(* For every integer $n\ge 1$, $$\Phi^{(2)}[aq^n; b, b'; c, c'; x, y] = \Phi^{(2)}[a; b, b'; c, c'; x, y] + \frac{ax(1-b)}{1-c} \sum_{k=1}^n q^{k-1} \Phi^{(2)}[aq^k; bq, b'; cq, c'; x, y] + \frac{ay(1-b')}{1-c'} \sum_{k=1}^n q^{k-1} \Phi^{(2)}[aq^k; b, b'q; c, c'q; xq, y]$$ and $$\Phi^{(2)}[aq^{-n}; b, b'; c, c'; x, y] = \Phi^{(2)}[a; b, b'; c, c'; x, y] - \frac{ax(1-b)}{1-c} \sum_{k=1}^n q^{-k} \Phi^{(2)}[aq^{1-k}; bq, b'; cq, c'; x, y] - \frac{ay(1-b')}{1-c'} \sum_{k=1}^n q^{-k} \Phi^{(2)}[aq^{1-k}; b, b'q; c, c'q; xq, y].$$
   Context: Let $q$ be a complex number with $0<|q|<1$. For complex $z$ and integer $m\ge 0$, $(z;q)_m=\prod_{j=0}^{m-1}(1-zq^j)$, with $(z;q)_0=1$. The $q$-Appell function $\Phi^{(2)}$ is $$\Phi^{(2)}[a; b, b'; c, c'; x, y] = \sum_{m, n \geq 0} \frac{(a; q)_{m+n} (b; q)_m (b'; q)_n}{(q; q)_m (q; q)_n (c; q)_m (c'; q)_n} x^m y^n.$$ Identities are understood as identities of power series in $x,y$ (formal, or convergent for small $|x|,|y|$), with complex parameters chosen so that no denominator occurring vanishes. *)

theory Defs
  imports "HOL-Analysis.Analysis"
begin

definition qpoch :: "complex \<Rightarrow> complex \<Rightarrow> nat \<Rightarrow> complex" where
  "qpoch z q m = (\<Prod>j<m. 1 - z * q ^ j)"

definition qAppell2 ::
  "complex \<Rightarrow> complex \<Rightarrow> complex \<Rightarrow> complex \<Rightarrow> complex \<Rightarrow> complex \<Rightarrow> complex \<Rightarrow> complex \<Rightarrow> complex" where
  "qAppell2 q a b b' c c' x y =
     (\<Sum>\<^sub>\<infinity>(m, n) \<in> UNIV.
        qpoch a q (m + n) * qpoch b q m * qpoch b' q n /
        (qpoch q q m * qpoch q q n * qpoch c q m * qpoch c' q n) * x ^ m * y ^ n)"

end

theory Submission imports Defs begin

(* Coefficientwise, with N = m + n, the identity (aq;q)_N - (a;q)_N = a (1 - q^N) (aq;q)_(N-1)
   and the splitting 1 - q^(m+n) = (1 - q^m) + q^m (1 - q^n) break Phi[aq] - Phi[a] into two
   double series. Absorbing (1 - q^m)/(q;q)_m = 1/(q;q)_(m-1), (b;q)_m = (1 - b) (bq;q)_(m-1),
   (c;q)_m = (1 - c) (cq;q)_(m-1) and shifting m by one turns the first into
   a x (1 - b)/(1 - c) Phi[aq; bq, b'; cq, c'; x, y]; in the second the same happens with n,
   and the extra factor q^m turns x into xq. This contiguous relation in a, telescoped along
   a, aq, ..., aq^n (resp. aq^-n, ..., a), gives both identities. All series involved converge
   absolutely on one common disc, since |a q^k| <= |a|/|q|^n for |k| <= n and the factors
   1/(1 - c q^j) stay bounded as q^j -> 0. *)

lemma qpoch_Suc: "qpoch z q (Suc m) = qpoch z q m * (1 - z * q ^ m)"
  by (simp add: qpoch_def)

lemma qpoch_Suc_shift: "qpoch z q (Suc m) = (1 - z) * qpoch (z * q) q m"
  unfolding qpoch_def by (subst prod.lessThan_Suc_shift) (simp add: mult.assoc)

lemma qpoch_nonzero:
  assumes "\<And>j. z * q ^ j \<noteq> 1"
  shows "qpoch z q m \<noteq> 0"
  using assms by (simp add: qpoch_def)

lemma qpoch_mult_q_diff: "qpoch (z * q) q m - qpoch z q m = z * (1 - q ^ m) * qpoch (z * q) q (m - 1)"
proof (cases m)
  case (Suc k)
  then show ?thesis
    by (simp only: qpoch_Suc_shift[of z] qpoch_Suc[of "z * q"] diff_Suc_1) (simp add: algebra_simps)
qed (simp add: qpoch_def)

lemma norm_qpoch_le:
  assumes "norm q \<le> 1" and "1 + norm z \<le> M"
  shows "norm (qpoch z q m) \<le> M ^ m"
proof -
  have "norm (1 - z * q ^ j) \<le> M" for j
  proof -
    have "norm (1 - z * q ^ j) \<le> 1 + norm z * norm q ^ j"
      by (metis norm_mult norm_power norm_one norm_triangle_ineq4)
    also have "\<dots> \<le> 1 + norm z"
      using assms(1) by (simp add: mult_left_le power_le_one)
    finally show ?thesis using assms(2) by linarith
  qed
  then have "(\<Prod>j<m. norm (1 - z * q ^ j)) \<le> (\<Prod>j<m. M)"
    by (intro prod_mono) auto
  then show ?thesis
    by (simp add: qpoch_def prod_norm)
qed

lemma norm_inverse_qpoch_le:
  assumes "\<And>j. norm (inverse (1 - z * q ^ j)) \<le> M"
  shows "norm (inverse (qpoch z q m)) \<le> M ^ m"
proof -
  have "(\<Prod>j<m. norm (inverse (1 - z * q ^ j))) \<le> (\<Prod>j<m. M)"
    using assms by (intro prod_mono) auto
  then show ?thesis
    by (simp add: qpoch_def prod_norm prod_inversef[symmetric])
qed

lemma bounded_inverse_one_minus_geometric:
  fixes c q :: "'a :: real_normed_field"
  assumes "norm q < 1" and "\<And>j. c * q ^ j \<noteq> 1"
  obtains K where "\<And>j. norm (inverse (1 - c * q ^ j)) \<le> K"
proof -
  have "(\<lambda>j. c * q ^ j) \<longlonglongrightarrow> c * 0"
    by (intro tendsto_mult tendsto_const LIMSEQ_power_zero assms(1))
  then have "(\<lambda>j. inverse (1 - c * q ^ j)) \<longlonglongrightarrow> inverse (1 - 0)"
    by (intro tendsto_inverse tendsto_diff tendsto_const) auto
  then have "Bseq (\<lambda>j. inverse (1 - c * q ^ j))"
    by (intro convergent_imp_Bseq) (auto simp: convergent_def)
  then show ?thesis using that by (auto elim!: BseqE)
qed

lemma summable_on_geometric_product:
  fixes r s :: real
  assumes "0 \<le> r" "r < 1" "0 \<le> s" "s < 1"
  shows "(\<lambda>(m::nat, n::nat). r ^ m * s ^ n) summable_on UNIV"
proof -
  have "(\<lambda>(m::nat, n::nat). r ^ m * s ^ n) summable_on Sigma UNIV (\<lambda>_. UNIV)"
  proof (rule summable_on_SigmaI[where g = "\<lambda>m. r ^ m / (1 - s)"])
    fix m :: nat
    have "(\<lambda>n. r ^ m * s ^ n) sums (r ^ m * (1 / (1 - s)))"
      using geometric_sums[of s] assms by (intro sums_mult) auto
    then show "((\<lambda>n. (\<lambda>(m, n). r ^ m * s ^ n) (m, n)) has_sum r ^ m / (1 - s)) UNIV"
      using assms by (auto intro!: sums_nonneg_imp_has_sum)
  next
    have "(\<lambda>m. r ^ m / (1 - s)) sums (1 / (1 - r) / (1 - s))"
      using geometric_sums[of r] assms by (intro sums_divide) auto
    then show "(\<lambda>m. r ^ m / (1 - s)) summable_on UNIV"
      using assms by (auto intro!: summable_nonneg_imp_summable_on_strong simp: sums_iff)
  qed (use assms in auto)
  then show ?thesis by simp
qed

lemma has_sum_zero_extension_iff:
  assumes "inj h" and "\<And>x. g (h x) = f x" and "\<And>y. y \<notin> range h \<Longrightarrow> g y = 0"
  shows "(g has_sum S) UNIV \<longleftrightarrow> (f has_sum S) UNIV"
proof -
  have "(g has_sum S) UNIV \<longleftrightarrow> (g has_sum S) (range h)"
    using assms(3) by (intro has_sum_cong_neutral) auto
  also have "\<dots> \<longleftrightarrow> (f has_sum S) UNIV"
    using assms(2) by (simp add: has_sum_reindex[OF assms(1)] comp_def)
  finally show ?thesis .
qed

definition qAppell2_term ::
  "complex \<Rightarrow> complex \<Rightarrow> complex \<Rightarrow> complex \<Rightarrow> complex \<Rightarrow> complex \<Rightarrow> complex \<Rightarrow> complex \<Rightarrow> nat \<times> nat \<Rightarrow> complex" where
  "qAppell2_term q a b b' c c' x y = (\<lambda>(m, n).
     qpoch a q (m + n) * qpoch b q m * qpoch b' q n /
     (qpoch q q m * qpoch q q n * qpoch c q m * qpoch c' q n) * x ^ m * y ^ n)"

lemma qAppell2_eq_infsum: "qAppell2 q a b b' c c' x y = infsum (qAppell2_term q a b b' c c' x y) UNIV"
  by (simp add: qAppell2_def qAppell2_term_def)

lemma norm_qAppell2_term_le:
  assumes "norm q \<le> 1" and "1 + norm a \<le> M" "1 + norm b \<le> M" "1 + norm b' \<le> M"
    and "\<And>j. norm (inverse (1 - q * q ^ j)) \<le> M"
    and "\<And>j. norm (inverse (1 - c * q ^ j)) \<le> M"
    and "\<And>j. norm (inverse (1 - c' * q ^ j)) \<le> M"
  shows "norm (qAppell2_term q a b b' c c' x y (m, n)) \<le> (M ^ 4 * norm x) ^ m * (M ^ 4 * norm y) ^ n"
proof -
  have "0 \<le> M" using assms(2) norm_ge_zero[of a] by linarith
  have "norm (qAppell2_term q a b b' c c' x y (m, n)) =
     norm (qpoch a q (m + n)) * norm (qpoch b q m) * norm (qpoch b' q n) *
     norm (inverse (qpoch q q m)) * norm (inverse (qpoch q q n)) *
     norm (inverse (qpoch c q m)) * norm (inverse (qpoch c' q n)) * norm x ^ m * norm y ^ n"
    by (simp add: qAppell2_term_def norm_mult norm_divide norm_power divide_inverse)
  also have "\<dots> \<le> M ^ (m + n) * M ^ m * M ^ n * M ^ m * M ^ n * M ^ m * M ^ n * norm x ^ m * norm y ^ n"
    using \<open>0 \<le> M\<close>
    by (intro mult_mono norm_qpoch_le norm_inverse_qpoch_le assms) (auto intro!: mult_nonneg_nonneg)
  also have "\<dots> = (M ^ 4 * norm x) ^ m * (M ^ 4 * norm y) ^ n"
    by (simp add: power4_eq_xxxx power_add power_mult_distrib mult_ac)
  finally show ?thesis .
qed

lemma qAppell2_term_summable:
  assumes "norm q \<le> 1" and "1 + norm a \<le> M" "1 + norm b \<le> M" "1 + norm b' \<le> M"
    and "\<And>j. norm (inverse (1 - q * q ^ j)) \<le> M"
    and "\<And>j. norm (inverse (1 - c * q ^ j)) \<le> M"
    and "\<And>j. norm (inverse (1 - c' * q ^ j)) \<le> M"
    and "M ^ 4 * norm x < 1" "M ^ 4 * norm y < 1"
  shows "qAppell2_term q a b b' c c' x y summable_on UNIV"
proof -
  have "0 \<le> M" using assms(2) norm_ge_zero[of a] by linarith
  then have "(\<lambda>(m, n). (M ^ 4 * norm x) ^ m * (M ^ 4 * norm y) ^ n) summable_on UNIV"
    using assms(8,9) by (intro summable_on_geometric_product) auto
  then have "(\<lambda>p. norm (qAppell2_term q a b b' c c' x y p)) summable_on UNIV"
    by (rule summable_on_comparison_test) (use norm_qAppell2_term_le[OF assms(1-7)] in auto)
  then show ?thesis by (rule abs_summable_summable)
qed

lemma qAppell2_term_contiguous:
  assumes hq: "\<And>j. q * q ^ j \<noteq> 1" and hc: "\<And>j. c * q ^ j \<noteq> 1" and hc': "\<And>j. c' * q ^ j \<noteq> 1"
  shows "qAppell2_term q (a * q) b b' c c' x y (m, n) = qAppell2_term q a b b' c c' x y (m, n)
     + (if m = 0 then 0
        else a * x * (1 - b) / (1 - c) * qAppell2_term q (a * q) (b * q) b' (c * q) c' x y (m - 1, n))
     + (if n = 0 then 0
        else a * y * (1 - b') / (1 - c') * qAppell2_term q (a * q) b (b' * q) c (c' * q) (x * q) y (m, n - 1))"
proof -
  define R where "R = qpoch b q m * qpoch b' q n /
    (qpoch q q m * qpoch q q n * qpoch c q m * qpoch c' q n) * x ^ m * y ^ n"
  define P where "P = qpoch (a * q) q (m + n - 1)"
  have nz_q: "qpoch q q k \<noteq> 0" for k using hq by (intro qpoch_nonzero) auto
  have nz_c: "qpoch c q k \<noteq> 0" "qpoch (c * q) q k \<noteq> 0" for k
    using hc hc[of "Suc _"] by (auto intro!: qpoch_nonzero simp: mult.assoc)
  have nz_c': "qpoch c' q k \<noteq> 0" "qpoch (c' * q) q k \<noteq> 0" for k
    using hc' hc'[of "Suc _"] by (auto intro!: qpoch_nonzero simp: mult.assoc)
  have "1 - c \<noteq> 0" "1 - c' \<noteq> 0" "1 - q * q ^ k \<noteq> 0" for k
    using hc[of 0] hc'[of 0] hq[of k] by auto
  note nz = nz_q nz_c nz_c' this
  have "qAppell2_term q a' b b' c c' x y (m, n) = qpoch a' q (m + n) * R" for a'
    by (simp add: qAppell2_term_def R_def)
  then have "qAppell2_term q (a * q) b b' c c' x y (m, n) - qAppell2_term q a b b' c c' x y (m, n)
      = (qpoch (a * q) q (m + n) - qpoch a q (m + n)) * R"
    by (simp add: left_diff_distrib)
  also have "\<dots> = a * (1 - q ^ m) * P * R + a * q ^ m * (1 - q ^ n) * P * R"
    by (simp add: qpoch_mult_q_diff P_def power_add algebra_simps)
  finally have diff: "qAppell2_term q (a * q) b b' c c' x y (m, n) - qAppell2_term q a b b' c c' x y (m, n)
      = a * (1 - q ^ m) * P * R + a * q ^ m * (1 - q ^ n) * P * R" .
  have E1: "(if m = 0 then 0
        else a * x * (1 - b) / (1 - c) * qAppell2_term q (a * q) (b * q) b' (c * q) c' x y (m - 1, n))
      = a * (1 - q ^ m) * P * R"
  proof (cases m)
    case (Suc k)
    show ?thesis
      unfolding Suc R_def P_def qAppell2_term_def
      by (simp only: qpoch_Suc_shift[of b] qpoch_Suc_shift[of c] qpoch_Suc[of q q] power_Suc
          diff_Suc_1 add_Suc split_def fst_conv snd_conv if_False nat.distinct)
        (use nz in \<open>simp add: divide_simps\<close>)
  qed simp
  have E2: "(if n = 0 then 0
        else a * y * (1 - b') / (1 - c') * qAppell2_term q (a * q) b (b' * q) c (c' * q) (x * q) y (m, n - 1))
      = a * q ^ m * (1 - q ^ n) * P * R"
  proof (cases n)
    case (Suc k)
    show ?thesis
      unfolding Suc R_def P_def qAppell2_term_def
      by (simp only: qpoch_Suc_shift[of b'] qpoch_Suc_shift[of c'] qpoch_Suc[of q q] power_Suc
          diff_Suc_1 add_Suc_right split_def fst_conv snd_conv if_False nat.distinct power_mult_distrib)
        (use nz in \<open>simp add: divide_simps\<close>)
  qed simp
  show ?thesis unfolding E1 E2 using diff by (simp add: diff_eq_eq ac_simps)
qed

lemma qAppell2_contiguous_if_summable:
  assumes hq: "\<And>j. q * q ^ j \<noteq> 1" and hc: "\<And>j. c * q ^ j \<noteq> 1" and hc': "\<And>j. c' * q ^ j \<noteq> 1"
    and "qAppell2_term q a b b' c c' x y summable_on UNIV"
    and "qAppell2_term q (a * q) (b * q) b' (c * q) c' x y summable_on UNIV"
    and "qAppell2_term q (a * q) b (b' * q) c (c' * q) (x * q) y summable_on UNIV"
  shows "qAppell2 q (a * q) b b' c c' x y = qAppell2 q a b b' c c' x y
     + a * x * (1 - b) / (1 - c) * qAppell2 q (a * q) (b * q) b' (c * q) c' x y
     + a * y * (1 - b') / (1 - c') * qAppell2 q (a * q) b (b' * q) c (c' * q) (x * q) y"
proof -
  define T0 where "T0 = qAppell2_term q a b b' c c' x y"
  define T1 where "T1 = qAppell2_term q (a * q) (b * q) b' (c * q) c' x y"
  define T2 where "T2 = qAppell2_term q (a * q) b (b' * q) c (c' * q) (x * q) y"
  define C1 where "C1 = a * x * (1 - b) / (1 - c)"
  define C2 where "C2 = a * y * (1 - b') / (1 - c')"
  define G1 where "G1 = (\<lambda>(m, n). if m = 0 then 0 else C1 * T1 (m - 1, n))"
  define G2 where "G2 = (\<lambda>(m, n). if n = 0 then 0 else C2 * T2 (m, n - 1))"
  have has_sum_T: "(T has_sum infsum T UNIV) UNIV" if "T summable_on UNIV" for T :: "nat \<times> nat \<Rightarrow> complex"
    using that by (simp add: summable_iff_has_sum_infsum)
  have "(G1 has_sum C1 * infsum T1 UNIV) UNIV"
  proof (subst has_sum_zero_extension_iff)
    show "inj (\<lambda>(m, n). (Suc m, n))" by (auto simp: inj_def)
    show "((\<lambda>p. C1 * T1 p) has_sum C1 * infsum T1 UNIV) UNIV"
      using assms(5) unfolding T1_def by (intro has_sum_cmult_right has_sum_T)
  qed (auto simp: G1_def image_def gr0_conv_Suc split: prod.splits)
  moreover have "(G2 has_sum C2 * infsum T2 UNIV) UNIV"
  proof (subst has_sum_zero_extension_iff)
    show "inj (\<lambda>(m, n). (m, Suc n))" by (auto simp: inj_def)
    show "((\<lambda>p. C2 * T2 p) has_sum C2 * infsum T2 UNIV) UNIV"
      using assms(6) unfolding T2_def by (intro has_sum_cmult_right has_sum_T)
  qed (auto simp: G2_def image_def gr0_conv_Suc split: prod.splits)
  moreover have "(T0 has_sum infsum T0 UNIV) UNIV"
    using assms(4) unfolding T0_def by (rule has_sum_T)
  ultimately have "((\<lambda>p. T0 p + G1 p + G2 p) has_sum infsum T0 UNIV + C1 * infsum T1 UNIV + C2 * infsum T2 UNIV) UNIV"
    by (intro has_sum_add)
  moreover have "(\<lambda>p. T0 p + G1 p + G2 p) = qAppell2_term q (a * q) b b' c c' x y"
    using qAppell2_term_contiguous[OF hq hc hc']
    by (auto simp: fun_eq_iff T0_def T1_def T2_def C1_def C2_def G1_def G2_def)
  ultimately have "(qAppell2_term q (a * q) b b' c c' x y has_sum
      infsum T0 UNIV + C1 * infsum T1 UNIV + C2 * infsum T2 UNIV) UNIV"
    by simp
  then show ?thesis
    unfolding qAppell2_eq_infsum T0_def T1_def T2_def C1_def C2_def by (rule infsumI)
qed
☆ ☆ ☆ ☆
**To do:** Which lines in the records above contain the string "noteq"? Copy them.

**Answer to this task:**
  assumes "\<And>j. z * q ^ j \<noteq> 1"
  shows "qpoch z q m \<noteq> 0"
  assumes "norm q < 1" and "\<And>j. c * q ^ j \<noteq> 1"
  assumes hq: "\<And>j. q * q ^ j \<noteq> 1" and hc: "\<And>j. c * q ^ j \<noteq> 1" and hc': "\<And>j. c' * q ^ j \<noteq> 1"
  have nz_q: "qpoch q q k \<noteq> 0" for k using hq by (intro qpoch_nonzero) auto
  have nz_c: "qpoch c q k \<noteq> 0" "qpoch (c * q) q k \<noteq> 0" for k
  have nz_c': "qpoch c' q k \<noteq> 0" "qpoch (c' * q) q k \<noteq> 0" for k
  have "1 - c \<noteq> 0" "1 - c' \<noteq> 0" "1 - q * q ^ k \<noteq> 0" for k
  assumes hq: "\<And>j. q * q ^ j \<noteq> 1" and hc: "\<And>j. c * q ^ j \<noteq> 1" and hc': "\<And>j. c' * q ^ j \<noteq> 1"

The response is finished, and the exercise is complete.